Nonetheless, creating a website logo doesn’t make you an expert in Google AdWords or SEO any more than a weekend spent at defensive driving school creates a NASCAR driver. So why rely on certifications to help you land a job?

Overinflated Value
I see all types of certifications whenever we conduct a hiring search at Hawke Media. While seeing one noted on a resume isn’t a bad thing (it does at least show effort), it won’t necessarily set a candidate apart, either. In all honesty, I’ve never once seen a certificate that wowed me.

There’s a problem pervading the world of marketing where people who don’t have the first clue about what they’re doing convince a client they’re experts in a certain practice area. This leads to underdelivering on promises, which, in the end, helps absolutely no one.
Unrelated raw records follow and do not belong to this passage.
(* Let $\mathbf{i}=(i_1,\dots,i_r)$, $\mathbf{j}=(j_1,\dots,j_r)$ be sequences of positive integers with equal sums $N$, and suppose $g=\det M(\mathbf{i};\mathbf{j})$ is nonzero and irreducible. If $r=1$, then $g$ is homogeneous. If $r>1$, then the homogeneous component of $g$ of degree $\deg(g)-1$ is nonzero.
   Context: $M(\mathbf{i};\mathbf{j})$ is the $N\times N$ matrix whose rows are divided into blocks of sizes $i_1,\dots,i_r$ (top to bottom) and columns into blocks of sizes $j_r,\dots,j_1$ (left to right; the block of size $j_t$ is column block $t$). Row block $s$ has an $i_s\times j_s$ matrix $A^s$ of indeterminates in column block $s$; for $s\ge 2$ the matrix $I_{i_s,j_{s-1}}$ in column block $s-1$; zeros in column blocks $t<s-1$; and indeterminates in column blocks $t>s$. $I_{c,d}$ is the $c\times d$ matrix with $1$s on its main diagonal and $0$s elsewhere. All indeterminates are distinct. *)

theory Defs
  imports "HOL-Library.Poly_Mapping" "HOL-Computational_Algebra.Factorial_Ring"
    "Jordan_Normal_Form.Determinant"
begin

text \<open>Multivariate polynomials over a field 'a in indeterminates indexed by
  matrix positions (row, column) :: nat \<times> nat, represented as finitely
  supported maps from monomials (exponent vectors) to coefficients.\<close>

type_synonym 'a mpoly = "((nat \<times> nat) \<Rightarrow>\<^sub>0 nat) \<Rightarrow>\<^sub>0 'a"

definition Xvar :: "nat \<times> nat \<Rightarrow> 'a::comm_semiring_1 mpoly" where
  "Xvar v = Poly_Mapping.single (Poly_Mapping.single v 1) 1"

definition const_mp :: "'a::comm_semiring_1 \<Rightarrow> 'a mpoly" where
  "const_mp c = Poly_Mapping.single 0 c"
Yes, making assurances that can’t be guaranteed might temporarily create major cash flow for a company with great salespeople, but it’s not a sustainable long-term business model for digital marketers.
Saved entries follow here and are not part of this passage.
text \<open>For a, b in A(d): E_d(b-a)/(b-a) vanishes unless b = a (then b - a is a nonzero
  root of E_d), and equals E_d'(0) = 1/ell_d at b = a.\<close>
lemma poly_Epoly_shifted_quotient:
  assumes "a \<in> Adeg d" "b \<in> Adeg d"
  shows "poly ((Epoly d \<circ>\<^sub>p [:- to_fract a, 1:]) div [:- to_fract a, 1:]) (to_fract b)
         = (if a = b then inverse (to_fract (ell d)) else (0 :: 'k::{field,finite} poly fract))"
proof -
  obtain r where r: "Epoly d = [:0, 1:] * (r :: 'k poly fract poly)"
    using Epoly_divisible_by_z by blast
  have "poly ((Epoly d \<circ>\<^sub>p [:- to_fract a, 1:]) div [:- to_fract a, 1:]) (to_fract b)
        = poly r (to_fract (b - a))"
    by (simp add: shifted_quotient[OF r] poly_pcompose)
  also have "\<dots> = (if a = b then inverse (to_fract (ell d)) else 0)"
  proof (cases "a = b")
    case True
    have "poly r 0 = coeff (Epoly d) 1" by (simp add: r poly_0_coeff_0)
    also have "\<dots> = inverse (to_fract (ell d))" by (rule coeff_Epoly_1)
    finally show ?thesis using True by simp
  next
    case False
    have "to_fract (b - a) * poly r (to_fract (b - a)) = poly (Epoly d) (to_fract (b - a))"
      by (simp add: r)
    also have "\<dots> = 0" using assms by (intro Epoly_Adeg Adeg_diff)
    finally show ?thesis using False by simp
  qed
  finally show ?thesis .
qed

lemma poly_liftz: "poly (liftz p) [:y:] = [:poly p y:]"
  by (induction p) (simp_all add: liftz_def map_poly_pCons)

lemma degree_liftz: "degree (liftz p) = degree p"
  unfolding liftz_def by (rule degree_map_poly) simp

lemma bpoly_eq_node_product: "bpoly j = (\<Prod>i<j. [:- theta_node i, 1:] :: 'k::{field,finite} poly fract poly)"
  by (simp add: bpoly_def theta_node_def)

text \<open>Newton interpolation of chi_t b (b in A(d), degree < d) at the nodes theta^(q^i):
  the coefficients are the divided differences, i.e. the values E_j(b).\<close>
lemma chi_t_newton_expansion:
  fixes b :: "'k::{field,finite} poly"
  assumes "b \<in> Adeg d"
  shows "chi_t b = (\<Sum>j<d. bpoly j * [:poly (Epoly j) (to_fract b):])"
proof -
  have "chi_t b = (\<Sum>j<d. smult (divided_diff theta_node j (\<lambda>k. poly (chi_t b) (theta_node k)))
                                (\<Prod>i<j. [:- theta_node i, 1:]))"
    using assms inj_on_subset[OF inj_theta_node subset_UNIV]
    by (intro newton_interpolation) (auto simp: Adeg_def degree_chi_t)
  thus ?thesis
    by (simp add: poly_Epoly_divided_diff bpoly_eq_node_product mult.commute)
qed

text \<open>By the orthogonality relation above, the left-hand side of the corollary
  takes the value chi_t b at z = b, for every b in A(d).\<close>
lemma interpolation_sum_at_Adeg:
  fixes b :: "'k::{field,finite} poly"
  assumes "b \<in> Adeg d"
  shows "poly (\<Sum>a\<in>Adeg d. smult (chi_t a) (liftz (smult (to_fract (ell d))
           ((Epoly d \<circ>\<^sub>p [:- to_fract a, 1:]) div [:- to_fract a, 1:])))) [:to_fract b:]
         = chi_t b"
proof -
  have "poly (\<Sum>a\<in>Adeg d. smult (chi_t a) (liftz (smult (to_fract (ell d))
           ((Epoly d \<circ>\<^sub>p [:- to_fract a, 1:]) div [:- to_fract a, 1:])))) [:to_fract b:]
        = (\<Sum>a\<in>Adeg d. if a = b then chi_t a else 0)"
    unfolding poly_sum
    by (intro sum.cong refl) (simp add: assms poly_liftz poly_Epoly_shifted_quotient ell_nonzero)
  also have "\<dots> = chi_t b" using assms by (simp add: finite_Adeg)
  finally show ?thesis .
qed

text \<open>Both sides have z-degree < q^d = |A(d)| and agree at every z = b in A(d).
  (The argument does not need the hypothesis d \<ge> 1: for d = 0 both sides vanish.)\<close>
theorem corollary2p6:
  fixes d :: nat
  assumes "d \<ge> 1"
  shows "(\<Sum>a\<in>(Adeg d :: 'k::{field,finite} poly set).
            smult (chi_t a)
              (liftz (smult (to_fract (ell d))
                 ((Epoly d \<circ>\<^sub>p [:- to_fract a, 1:]) div [:- to_fract a, 1:]))))
         = (\<Sum>j<d. smult (bpoly j) (liftz (Epoly j :: 'k poly fract poly)))"
    (is "?L = ?R")
proof (rule poly_eqI_degree[where A = "(\<lambda>b. [:to_fract b:]) ` (Adeg d :: 'k poly set)"])
  have card: "card ((\<lambda>b. [:to_fract b:]) ` (Adeg d :: 'k poly set)) = CARD('k) ^ d"
    by (subst card_image) (simp_all add: inj_on_def card_Adeg)
  show "degree ?L < card ((\<lambda>b. [:to_fract b:]) ` (Adeg d :: 'k poly set))"
    unfolding card
    by (intro degree_sum_less le_less_trans[OF degree_smult_le])
       (simp_all add: degree_liftz le_less_trans[OF degree_smult_le] degree_Epoly_shifted_quotient)
  show "degree ?R < card ((\<lambda>b. [:to_fract b:]) ` (Adeg d :: 'k poly set))"
    unfolding card using card_ge_2[where 'k='k]
    by (intro degree_sum_less le_less_trans[OF degree_smult_le])
       (simp_all add: degree_liftz degree_Epoly power_strict_increasing)
next
  fix w assume "w \<in> (\<lambda>b. [:to_fract b:]) ` (Adeg d :: 'k poly set)"
  then obtain b :: "'k poly" where b: "b \<in> Adeg d" "w = [:to_fract b:]" by auto
  have "poly ?L w = chi_t b"
    unfolding b(2) by (rule interpolation_sum_at_Adeg[OF b(1)])
  also have "\<dots> = (\<Sum>j<d. bpoly j * [:poly (Epoly j) (to_fract b):])"
    by (rule chi_t_newton_expansion[OF b(1)])
  also have "\<dots> = poly ?R w"
    unfolding poly_sum by (simp add: b poly_liftz)
  finally show "poly ?L w = poly ?R w" .
qed

end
Although a digital marketing certification is an achievement worthy of listing on a resume, attributing too much weight to an easy course only displays a lack of real-world experience. It’s the equivalent of saying that you can type, but not knowing how fast.
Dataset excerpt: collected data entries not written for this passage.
lemma comparison_with_boundary_solution:
  assumes u: "C2_on a b u u1 u2" "u a = 0" "u b = 0"
    and Lu: "\<forall>t\<in>{a..b}. u2 t - (l0 + l1) * u1 t + l0 * l1 * u t = -1"
    and f: "C2_on a b f f1 f2" "f a = 0" "f b = 0"
    and Lf: "\<forall>t\<in>{a..b}. \<bar>f2 t - (l0 + l1) * f1 t + l0 * l1 * f t\<bar> \<le> K"
    and t: "t \<in> {a..b}"
  shows "\<bar>f t\<bar> \<le> K * u t"
proof -
  have "K * u t + s * f t \<ge> 0" if s: "\<bar>s\<bar> = 1" for s
  proof (rule maximum_principle[where g = "\<lambda>t. K * u t + s * f t" and la = l0 and lb = l1, OF _ _ _ _ _ t])
    show "\<forall>t\<in>{a..b}. ((\<lambda>t. K * u t + s * f t) has_real_derivative K * u1 t + s * f1 t) (at t within {a..b})"
      using u(1) f(1) by (auto simp: C2_on_def intro!: derivative_eq_intros)
    show "\<forall>t\<in>{a..b}. ((\<lambda>t. K * u1 t + s * f1 t) has_real_derivative K * u2 t + s * f2 t) (at t within {a..b})"
      using u(1) f(1) by (auto simp: C2_on_def intro!: derivative_eq_intros)
    show "\<forall>t\<in>{a..b}. K * u2 t + s * f2 t - (l0 + l1) * (K * u1 t + s * f1 t) + l0 * l1 * (K * u t + s * f t) \<le> 0"
    proof
      fix \<theta> assume \<theta>: "\<theta> \<in> {a..b}"
      let ?Lf = "f2 \<theta> - (l0 + l1) * f1 \<theta> + l0 * l1 * f \<theta>"
      have "K * u2 \<theta> + s * f2 \<theta> - (l0 + l1) * (K * u1 \<theta> + s * f1 \<theta>) + l0 * l1 * (K * u \<theta> + s * f \<theta>)
          = K * (u2 \<theta> - (l0 + l1) * u1 \<theta> + l0 * l1 * u \<theta>) + s * ?Lf"
        by (simp add: algebra_simps)
      also have "\<dots> = s * ?Lf - K" using Lu \<theta> by simp
      also have "\<dots> \<le> 0"
      proof -
        have "s * ?Lf \<le> \<bar>?Lf\<bar>" using abs_ge_self[of "s * ?Lf"] s by (simp add: abs_mult)
        then show ?thesis using bspec[OF Lf \<theta>] by linarith
      qed
      finally show "K * u2 \<theta> + s * f2 \<theta> - (l0 + l1) * (K * u1 \<theta> + s * f1 \<theta>) + l0 * l1 * (K * u \<theta> + s * f \<theta>) \<le> 0" .
    qed
  qed (use u f in auto)
  from this[of 1] this[of "-1"] show ?thesis by auto
qed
Three Qualifications That Outshine Certifications
Instead of focusing on a generic certification, it’s important to showcase real skills and successes.

Here are a few things hiring managers look for:

1. Real-world experience. A certification accompanied by a case study showing direct experience and a working knowledge of how goals were surpassed will easily stand out among the crowd of certified underachievers.

Focus on how much money you generated for the company, and supply measurable results. Discuss challenges you faced, and describe how you overcame them. This type of information proves to potential employers that you have the right combination of creativity, critical thinking, and motivation to get the job done.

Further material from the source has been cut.